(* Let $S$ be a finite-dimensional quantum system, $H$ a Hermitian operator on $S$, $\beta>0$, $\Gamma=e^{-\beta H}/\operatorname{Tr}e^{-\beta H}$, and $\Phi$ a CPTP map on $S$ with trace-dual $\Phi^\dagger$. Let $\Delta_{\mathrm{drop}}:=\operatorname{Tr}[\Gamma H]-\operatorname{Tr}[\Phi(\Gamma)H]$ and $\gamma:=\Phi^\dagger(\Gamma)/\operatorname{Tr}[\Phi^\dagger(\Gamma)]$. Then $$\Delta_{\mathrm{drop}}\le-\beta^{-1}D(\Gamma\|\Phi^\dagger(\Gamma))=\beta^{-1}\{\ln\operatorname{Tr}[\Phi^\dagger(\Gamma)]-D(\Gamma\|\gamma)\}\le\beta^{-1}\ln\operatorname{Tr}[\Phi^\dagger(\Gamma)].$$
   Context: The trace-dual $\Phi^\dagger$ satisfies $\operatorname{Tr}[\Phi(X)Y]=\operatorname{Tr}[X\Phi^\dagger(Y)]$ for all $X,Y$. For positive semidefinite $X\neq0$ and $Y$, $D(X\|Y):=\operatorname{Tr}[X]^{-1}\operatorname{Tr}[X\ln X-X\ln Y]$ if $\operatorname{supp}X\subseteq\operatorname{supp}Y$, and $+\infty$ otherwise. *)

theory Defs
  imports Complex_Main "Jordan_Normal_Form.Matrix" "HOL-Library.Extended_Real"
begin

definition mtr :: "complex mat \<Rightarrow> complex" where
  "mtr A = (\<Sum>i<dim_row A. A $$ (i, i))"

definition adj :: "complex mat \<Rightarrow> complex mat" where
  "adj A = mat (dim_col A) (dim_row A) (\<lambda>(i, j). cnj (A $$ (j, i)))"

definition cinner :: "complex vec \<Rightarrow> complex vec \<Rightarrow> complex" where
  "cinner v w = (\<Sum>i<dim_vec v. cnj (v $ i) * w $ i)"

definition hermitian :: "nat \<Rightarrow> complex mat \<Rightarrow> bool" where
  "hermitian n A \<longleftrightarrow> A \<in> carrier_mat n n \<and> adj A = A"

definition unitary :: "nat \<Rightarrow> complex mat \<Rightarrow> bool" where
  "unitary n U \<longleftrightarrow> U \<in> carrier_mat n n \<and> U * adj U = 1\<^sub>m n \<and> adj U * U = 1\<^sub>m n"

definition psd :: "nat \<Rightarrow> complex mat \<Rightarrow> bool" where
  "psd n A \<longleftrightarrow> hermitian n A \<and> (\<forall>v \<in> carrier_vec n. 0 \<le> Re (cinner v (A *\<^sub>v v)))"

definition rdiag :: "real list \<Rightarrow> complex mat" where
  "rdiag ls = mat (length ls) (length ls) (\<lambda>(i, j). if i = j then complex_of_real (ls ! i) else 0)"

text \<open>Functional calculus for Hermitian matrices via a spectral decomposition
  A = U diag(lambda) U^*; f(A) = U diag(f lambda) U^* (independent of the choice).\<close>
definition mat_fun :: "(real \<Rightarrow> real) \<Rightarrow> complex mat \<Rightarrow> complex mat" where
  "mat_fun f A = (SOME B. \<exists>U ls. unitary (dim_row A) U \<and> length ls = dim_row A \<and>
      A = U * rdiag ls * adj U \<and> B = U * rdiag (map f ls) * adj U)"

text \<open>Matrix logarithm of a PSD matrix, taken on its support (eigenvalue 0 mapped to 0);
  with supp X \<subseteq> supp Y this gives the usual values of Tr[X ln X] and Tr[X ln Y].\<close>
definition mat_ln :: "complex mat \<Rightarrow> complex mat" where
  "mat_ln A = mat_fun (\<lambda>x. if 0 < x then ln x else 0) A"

● Task description:
In the listing above, find each line with "operatorname" and copy it.

● Your response:
(* Let $S$ be a finite-dimensional quantum system, $H$ a Hermitian operator on $S$, $\beta>0$, $\Gamma=e^{-\beta H}/\operatorname{Tr}e^{-\beta H}$, and $\Phi$ a CPTP map on $S$ with trace-dual $\Phi^\dagger$. Let $\Delta_{\mathrm{drop}}:=\operatorname{Tr}[\Gamma H]-\operatorname{Tr}[\Phi(\Gamma)H]$ and $\gamma:=\Phi^\dagger(\Gamma)/\operatorname{Tr}[\Phi^\dagger(\Gamma)]$. Then $$\Delta_{\mathrm{drop}}\le-\beta^{-1}D(\Gamma\|\Phi^\dagger(\Gamma))=\beta^{-1}\{\ln\operatorname{Tr}[\Phi^\dagger(\Gamma)]-D(\Gamma\|\gamma)\}\le\beta^{-1}\ln\operatorname{Tr}[\Phi^\dagger(\Gamma)].$$
   Context: The trace-dual $\Phi^\dagger$ satisfies $\operatorname{Tr}[\Phi(X)Y]=\operatorname{Tr}[X\Phi^\dagger(Y)]$ for all $X,Y$. For positive semidefinite $X\neq0$ and $Y$, $D(X\|Y):=\operatorname{Tr}[X]^{-1}\operatorname{Tr}[X\ln X-X\ln Y]$ if $\operatorname{supp}X\subseteq\operatorname{supp}Y$, and $+\infty$ otherwise. *)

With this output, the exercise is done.